В то же мгновение незнакомец перестал, как будто остановленный невидимой рукой. Щеки его задрожали, глаза медленно открылись и вонзили в мое лицо внимательный, острый взгляд. Они были почти круглые, светло-карего, чуть не желтого цвета, как у совы или кошки, и горели тем же хищным и хитрым огнем. Под взглядом их я будто вросла в землю – ноги меня не слушались и не хотели бежать, хотя страх, внезапно внушенный мне пробуждением странного создания, громко требовал: беги! Бессознательно я уставила свои глаза прямо в глаза незнакомца, и тотчас же мне почудилось, будто своим неприятным взором он проник мне глубоко в душу, читает в ней, как по книге, и по праву властен над нею.
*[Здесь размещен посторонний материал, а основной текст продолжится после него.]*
lemma leaf_sides_parameter_less:
  assumes "edge_determinant V E d" "E a b" "is_node V E a" "is_node V E b"
  defines "Pa \<equiv> {l. is_leaf V E l \<and> a \<in> geod V E l b}"
    and "Pb \<equiv> {l. is_leaf V E l \<and> b \<in> geod V E l a}"
  shows "ell_mass V E d a Pb / (ell_mass V E d a Pa + ell_mass V E d a Pb)
    < ell_mass V E d b Pb / (ell_mass V E d b Pa + ell_mass V E d b Pb)"
proof -
  note across = leaf_sides_ell_across[OF assms(2-4), folded Pa_def Pb_def]
  note masses = leaf_sides_ell_mass_pos[OF assms(2), folded Pa_def Pb_def]
  have "ell_mass V E d a Pa * other_weights V E d b a = d a b * ell_mass V E d b Pa"
    by (rule ell_mass_proportional[OF across(1)])
  moreover have "ell_mass V E d b Pb * other_weights V E d a b = d b a * ell_mass V E d a Pb"
    by (rule ell_mass_proportional[OF across(2)])
  moreover have
    "real (other_weights V E d a b) * real (other_weights V E d b a) < real (d a b) * real (d b a)"
    using edge_determinant_other_weights[OF assms(1-4)] by (simp flip: of_nat_mult)
  ultimately show ?thesis
    using convex_parameter_less[OF masses[of a] masses[of b] of_nat_0_le_iff of_nat_0_le_iff]
    by blast
qed

end

theorem lemma5p6:
  fixes V :: "'v set" and E :: "'v \<Rightarrow> 'v \<Rightarrow> bool" and d :: "'v \<Rightarrow> 'v \<Rightarrow> nat"
    and a b :: 'v
  assumes "splice_diagram V E d"
    and "edge_determinant V E d"
    and "is_node V E a" and "is_node V E b" and "E a b"
  defines "Pa \<equiv> {l. is_leaf V E l \<and> a \<in> geod V E l b}"
    and "Pb \<equiv> {l. is_leaf V E l \<and> b \<in> geod V E l a}"
  shows "bary V E d a Pa = bary V E d b Pa \<and> bary V E d a Pb = bary V E d b Pb \<and>
    (\<exists>ta tb::real. 0 < ta \<and> ta < tb \<and> tb < 1 \<and>
       rho V E d a = (\<lambda>\<mu>. (1 - ta) * bary V E d a Pa \<mu> + ta * bary V E d a Pb \<mu>) \<and>
       rho V E d b = (\<lambda>\<mu>. (1 - tb) * bary V E d a Pa \<mu> + tb * bary V E d a Pb \<mu>))"
proof -
  note splice = assms(1) and nodes = assms(3,4) and ab = assms(5)
  note sides = leaf_sides_of_edge[OF splice_tree[OF splice] ab, folded Pa_def Pb_def]
  note bary_eqs = leaf_sides_bary_eq[OF splice ab nodes, folded Pa_def Pb_def]
  note masses = leaf_sides_ell_mass_pos[OF splice ab, folded Pa_def Pb_def]
  note finite = finite_leaves[OF splice_tree[OF splice]]
  define ta where "ta = ell_mass V E d a Pb / (ell_mass V E d a Pa + ell_mass V E d a Pb)"
  define tb where "tb = ell_mass V E d b Pb / (ell_mass V E d b Pa + ell_mass V E d b Pb)"
  have "rho V E d a = (\<lambda>\<mu>. (1 - ta) * bary V E d a Pa \<mu> + ta * bary V E d a Pb \<mu>)"
    unfolding ta_def by (rule rho_eq_bary_combination[OF nodes(1) finite sides(1,2) masses])
  moreover have "rho V E d b = (\<lambda>\<mu>. (1 - tb) * bary V E d a Pa \<mu> + tb * bary V E d a Pb \<mu>)"
    unfolding tb_def bary_eqs by (rule rho_eq_bary_combination[OF nodes(2) finite sides(1,2) masses])
  moreover have "ta < tb"
    unfolding ta_def tb_def Pa_def Pb_def
    by (rule leaf_sides_parameter_less[OF splice assms(2) ab nodes])
  moreover have "0 < ta" "tb < 1"
    unfolding ta_def tb_def using masses[of a] masses[of b] by simp_all
  ultimately show ?thesis
    using bary_eqs by blast
qed

end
Между тем проклятые глаза расширились, округлились еще больше, сделались яркими, как свечи… в них явилось что-то манящее, зовущее и повелительное; я инстинктивно чувствовала, как опасно мне подчиняться этому зову, как необходимо напрячь все силы души, чтоб отразить его влияние, и не находила сил: сознание возмущалось, а воля была – как скованная, не слушалась сознания.

Незнакомец медленно простер ко мне руки и трижды потряс ими в воздухе – и я, против воли, сделала то же. Затем он стал приближаться ко мне, и с каждым его шагом я тоже делала шаг навстречу ему, так же, как он, с вытянутыми пред собою руками, подражая каждому его движению. Страх мой по мере приближению странного существа замирал, переходя в чувство нового для меня и мучительного, и сладкого беспокойства, томившего и счастьем, и тоскою. Мы шли, пока не встретились лицом к лицу, грудь к груди. Руки незнакомца опустились мне на плечи, голова моя упала ему на грудь – мне показалось, что кровь в моих жилах превратилась в кипяток и понеслась в теле разъяренным горячим потоком, чтобы вырваться на волю, чтобы задушить меня. То был непостижимый прилив неведомой страсти, и если я любила кого-либо больше себя, больше света и жизни, так именно этого незнакомого человека в эти таинственные минуты сладостного безумия.

Я очнулась в своей комнате, окруженная хлопотами родных. За час пред тем меня нашли у ворот нашего дома без чувств.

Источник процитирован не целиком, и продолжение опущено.